Data items:
::::::::::
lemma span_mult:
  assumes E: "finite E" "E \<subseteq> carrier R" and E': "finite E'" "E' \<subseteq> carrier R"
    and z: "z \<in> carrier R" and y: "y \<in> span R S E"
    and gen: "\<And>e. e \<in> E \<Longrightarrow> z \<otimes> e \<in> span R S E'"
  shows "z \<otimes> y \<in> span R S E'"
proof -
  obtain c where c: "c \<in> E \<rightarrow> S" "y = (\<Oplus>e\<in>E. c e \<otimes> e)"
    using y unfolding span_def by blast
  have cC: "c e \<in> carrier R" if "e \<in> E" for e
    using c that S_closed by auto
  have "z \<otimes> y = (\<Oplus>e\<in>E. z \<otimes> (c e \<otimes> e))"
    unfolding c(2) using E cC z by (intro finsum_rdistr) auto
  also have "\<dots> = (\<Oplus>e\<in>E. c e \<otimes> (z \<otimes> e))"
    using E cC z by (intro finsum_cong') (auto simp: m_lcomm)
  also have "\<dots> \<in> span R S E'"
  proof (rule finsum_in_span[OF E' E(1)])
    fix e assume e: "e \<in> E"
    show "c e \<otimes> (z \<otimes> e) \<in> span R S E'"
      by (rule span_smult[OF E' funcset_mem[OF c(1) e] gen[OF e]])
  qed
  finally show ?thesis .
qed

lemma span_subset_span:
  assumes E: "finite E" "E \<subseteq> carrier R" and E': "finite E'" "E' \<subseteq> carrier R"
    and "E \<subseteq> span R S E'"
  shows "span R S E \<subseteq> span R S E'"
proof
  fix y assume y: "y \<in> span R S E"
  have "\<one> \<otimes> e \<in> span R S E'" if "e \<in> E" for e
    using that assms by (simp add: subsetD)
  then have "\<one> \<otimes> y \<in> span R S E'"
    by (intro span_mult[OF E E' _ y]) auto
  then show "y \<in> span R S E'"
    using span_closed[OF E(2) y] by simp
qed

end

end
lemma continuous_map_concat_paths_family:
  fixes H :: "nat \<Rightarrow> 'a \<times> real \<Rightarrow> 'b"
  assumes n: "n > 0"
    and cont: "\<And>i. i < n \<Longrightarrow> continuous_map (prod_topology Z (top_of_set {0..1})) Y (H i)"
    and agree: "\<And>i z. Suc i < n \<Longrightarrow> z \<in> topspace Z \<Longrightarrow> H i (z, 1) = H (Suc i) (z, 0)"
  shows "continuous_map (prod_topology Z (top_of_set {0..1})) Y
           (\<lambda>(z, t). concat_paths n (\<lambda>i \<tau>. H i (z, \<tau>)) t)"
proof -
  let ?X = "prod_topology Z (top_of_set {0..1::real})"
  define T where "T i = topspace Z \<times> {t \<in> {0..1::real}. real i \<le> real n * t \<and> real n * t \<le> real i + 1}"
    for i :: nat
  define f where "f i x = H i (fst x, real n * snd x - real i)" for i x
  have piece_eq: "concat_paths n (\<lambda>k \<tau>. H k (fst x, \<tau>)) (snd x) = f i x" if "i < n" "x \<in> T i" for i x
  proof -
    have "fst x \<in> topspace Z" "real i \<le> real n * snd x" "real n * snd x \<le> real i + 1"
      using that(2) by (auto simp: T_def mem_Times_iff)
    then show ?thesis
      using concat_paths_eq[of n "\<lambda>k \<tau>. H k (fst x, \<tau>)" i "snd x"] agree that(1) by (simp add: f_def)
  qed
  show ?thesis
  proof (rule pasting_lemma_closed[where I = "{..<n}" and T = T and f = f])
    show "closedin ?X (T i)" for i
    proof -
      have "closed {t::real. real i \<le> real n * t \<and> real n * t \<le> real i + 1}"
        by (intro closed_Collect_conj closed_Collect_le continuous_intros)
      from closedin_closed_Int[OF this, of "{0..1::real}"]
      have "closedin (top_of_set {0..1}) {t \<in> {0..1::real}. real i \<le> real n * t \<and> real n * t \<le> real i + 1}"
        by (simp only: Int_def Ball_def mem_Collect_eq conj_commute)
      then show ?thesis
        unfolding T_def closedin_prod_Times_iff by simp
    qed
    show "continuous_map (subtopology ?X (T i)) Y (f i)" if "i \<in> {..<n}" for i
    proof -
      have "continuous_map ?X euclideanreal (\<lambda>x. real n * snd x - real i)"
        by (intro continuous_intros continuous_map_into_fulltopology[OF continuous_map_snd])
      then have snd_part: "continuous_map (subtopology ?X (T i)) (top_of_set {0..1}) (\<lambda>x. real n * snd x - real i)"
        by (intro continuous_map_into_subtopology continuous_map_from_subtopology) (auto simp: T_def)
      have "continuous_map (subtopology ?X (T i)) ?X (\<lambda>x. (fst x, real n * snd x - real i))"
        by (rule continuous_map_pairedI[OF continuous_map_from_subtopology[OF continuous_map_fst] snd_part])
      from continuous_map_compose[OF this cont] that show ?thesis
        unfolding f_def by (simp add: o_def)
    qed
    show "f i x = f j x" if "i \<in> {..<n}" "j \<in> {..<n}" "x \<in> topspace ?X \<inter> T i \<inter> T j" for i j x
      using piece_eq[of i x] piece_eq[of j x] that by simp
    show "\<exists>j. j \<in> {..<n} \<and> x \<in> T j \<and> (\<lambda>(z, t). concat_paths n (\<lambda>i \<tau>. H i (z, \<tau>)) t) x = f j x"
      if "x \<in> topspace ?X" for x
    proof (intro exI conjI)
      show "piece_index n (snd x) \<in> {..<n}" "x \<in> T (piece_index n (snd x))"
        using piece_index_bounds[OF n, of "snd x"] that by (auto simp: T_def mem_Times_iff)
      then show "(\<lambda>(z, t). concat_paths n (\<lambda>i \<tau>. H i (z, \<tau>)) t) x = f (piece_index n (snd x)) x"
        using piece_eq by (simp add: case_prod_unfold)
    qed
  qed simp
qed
::::::::::
What is asked for is an exact copy of the lines above from the one containing "using E cC z by (intro finsum_cong')" through the one containing "by (intro span_mult[OF E E' _ y]) auto", and only those.

FINISHED TASK:
    using E cC z by (intro finsum_cong') (auto simp: m_lcomm)
  also have "\<dots> \<in> span R S E'"
  proof (rule finsum_in_span[OF E' E(1)])
    fix e assume e: "e \<in> E"
    show "c e \<otimes> (z \<otimes> e) \<in> span R S E'"
      by (rule span_smult[OF E' funcset_mem[OF c(1) e] gen[OF e]])
  qed
  finally show ?thesis .
qed

lemma span_subset_span:
  assumes E: "finite E" "E \<subseteq> carrier R" and E': "finite E'" "E' \<subseteq> carrier R"
    and "E \<subseteq> span R S E'"
  shows "span R S E \<subseteq> span R S E'"
proof
  fix y assume y: "y \<in> span R S E"
  have "\<one> \<otimes> e \<in> span R S E'" if "e \<in> E" for e
    using that assms by (simp add: subsetD)
  then have "\<one> \<otimes> y \<in> span R S E'"
    by (intro span_mult[OF E E' _ y]) auto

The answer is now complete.